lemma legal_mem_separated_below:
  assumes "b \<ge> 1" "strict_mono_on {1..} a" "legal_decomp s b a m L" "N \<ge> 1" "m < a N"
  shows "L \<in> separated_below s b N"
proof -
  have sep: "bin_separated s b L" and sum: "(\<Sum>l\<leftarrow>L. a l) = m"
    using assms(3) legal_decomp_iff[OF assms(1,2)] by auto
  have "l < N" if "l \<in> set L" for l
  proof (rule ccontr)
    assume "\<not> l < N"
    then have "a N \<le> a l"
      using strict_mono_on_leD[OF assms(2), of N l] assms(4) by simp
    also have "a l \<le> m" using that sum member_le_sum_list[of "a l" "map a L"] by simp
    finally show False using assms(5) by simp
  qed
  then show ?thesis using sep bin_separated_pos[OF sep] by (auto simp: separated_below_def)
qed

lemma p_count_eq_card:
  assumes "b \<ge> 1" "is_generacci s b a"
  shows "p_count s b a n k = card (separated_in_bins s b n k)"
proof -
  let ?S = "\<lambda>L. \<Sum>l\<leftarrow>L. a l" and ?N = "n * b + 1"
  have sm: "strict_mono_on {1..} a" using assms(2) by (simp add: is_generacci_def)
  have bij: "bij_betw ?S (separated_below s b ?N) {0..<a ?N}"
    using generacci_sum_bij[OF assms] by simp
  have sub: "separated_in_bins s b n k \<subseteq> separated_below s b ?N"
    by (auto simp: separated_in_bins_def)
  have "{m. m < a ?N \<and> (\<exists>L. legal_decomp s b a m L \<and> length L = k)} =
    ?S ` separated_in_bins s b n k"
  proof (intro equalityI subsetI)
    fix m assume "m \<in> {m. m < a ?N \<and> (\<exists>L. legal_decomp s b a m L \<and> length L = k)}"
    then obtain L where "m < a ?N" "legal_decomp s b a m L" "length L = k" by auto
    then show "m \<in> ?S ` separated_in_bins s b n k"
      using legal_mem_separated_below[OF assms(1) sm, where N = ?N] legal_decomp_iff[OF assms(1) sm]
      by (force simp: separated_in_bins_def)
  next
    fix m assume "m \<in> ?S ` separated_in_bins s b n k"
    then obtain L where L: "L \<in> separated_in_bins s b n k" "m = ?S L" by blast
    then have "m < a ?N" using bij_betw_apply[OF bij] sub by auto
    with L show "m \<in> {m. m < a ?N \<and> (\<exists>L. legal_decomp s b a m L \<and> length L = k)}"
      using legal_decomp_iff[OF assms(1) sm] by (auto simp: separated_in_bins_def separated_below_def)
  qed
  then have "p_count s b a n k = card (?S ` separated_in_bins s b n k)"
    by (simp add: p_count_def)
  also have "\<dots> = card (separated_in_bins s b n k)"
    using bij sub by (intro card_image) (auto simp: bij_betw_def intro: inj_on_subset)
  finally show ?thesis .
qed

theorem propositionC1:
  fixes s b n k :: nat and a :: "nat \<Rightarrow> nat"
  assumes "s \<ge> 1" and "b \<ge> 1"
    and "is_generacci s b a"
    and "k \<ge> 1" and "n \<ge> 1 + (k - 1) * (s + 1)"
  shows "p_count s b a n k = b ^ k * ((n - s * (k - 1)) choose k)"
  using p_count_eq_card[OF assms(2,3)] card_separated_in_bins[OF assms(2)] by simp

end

++++++++++++++++++++

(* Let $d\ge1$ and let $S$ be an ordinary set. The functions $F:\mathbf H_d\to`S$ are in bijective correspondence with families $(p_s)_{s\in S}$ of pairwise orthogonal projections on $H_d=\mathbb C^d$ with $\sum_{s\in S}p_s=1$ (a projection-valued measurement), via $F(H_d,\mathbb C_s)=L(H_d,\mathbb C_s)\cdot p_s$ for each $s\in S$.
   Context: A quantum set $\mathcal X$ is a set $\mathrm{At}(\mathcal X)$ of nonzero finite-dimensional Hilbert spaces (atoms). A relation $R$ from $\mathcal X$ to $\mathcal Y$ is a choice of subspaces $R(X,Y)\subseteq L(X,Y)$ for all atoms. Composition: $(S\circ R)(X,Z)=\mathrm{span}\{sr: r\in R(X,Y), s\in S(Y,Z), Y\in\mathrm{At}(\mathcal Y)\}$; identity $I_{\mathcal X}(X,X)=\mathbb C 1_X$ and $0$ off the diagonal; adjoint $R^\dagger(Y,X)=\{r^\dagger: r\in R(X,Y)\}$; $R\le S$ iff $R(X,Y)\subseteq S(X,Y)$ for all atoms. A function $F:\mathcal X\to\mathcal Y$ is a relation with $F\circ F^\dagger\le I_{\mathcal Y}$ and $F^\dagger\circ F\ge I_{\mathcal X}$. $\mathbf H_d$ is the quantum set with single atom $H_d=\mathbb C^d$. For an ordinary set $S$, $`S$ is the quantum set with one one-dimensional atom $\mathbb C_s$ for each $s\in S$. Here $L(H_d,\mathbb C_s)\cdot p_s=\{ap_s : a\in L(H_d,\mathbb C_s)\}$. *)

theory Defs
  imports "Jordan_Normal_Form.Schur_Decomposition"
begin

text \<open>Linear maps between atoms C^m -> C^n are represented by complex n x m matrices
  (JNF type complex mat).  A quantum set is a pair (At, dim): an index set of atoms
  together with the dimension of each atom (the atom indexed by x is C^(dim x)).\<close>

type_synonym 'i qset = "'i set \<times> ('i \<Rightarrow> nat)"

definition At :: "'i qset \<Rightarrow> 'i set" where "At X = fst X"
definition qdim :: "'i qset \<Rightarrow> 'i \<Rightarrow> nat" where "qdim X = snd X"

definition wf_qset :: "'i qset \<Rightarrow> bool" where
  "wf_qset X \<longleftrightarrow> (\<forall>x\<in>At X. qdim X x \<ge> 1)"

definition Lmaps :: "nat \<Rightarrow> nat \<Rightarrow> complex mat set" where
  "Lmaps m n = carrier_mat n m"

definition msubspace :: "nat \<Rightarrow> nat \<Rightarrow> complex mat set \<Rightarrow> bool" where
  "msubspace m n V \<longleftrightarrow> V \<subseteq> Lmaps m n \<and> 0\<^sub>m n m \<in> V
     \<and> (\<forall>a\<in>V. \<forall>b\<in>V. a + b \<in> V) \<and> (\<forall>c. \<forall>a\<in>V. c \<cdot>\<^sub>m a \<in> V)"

++++++++++++++++++++

Task description:
Count the lines in the listing above that include the word "qdim". Reply with the number only.

Response:
2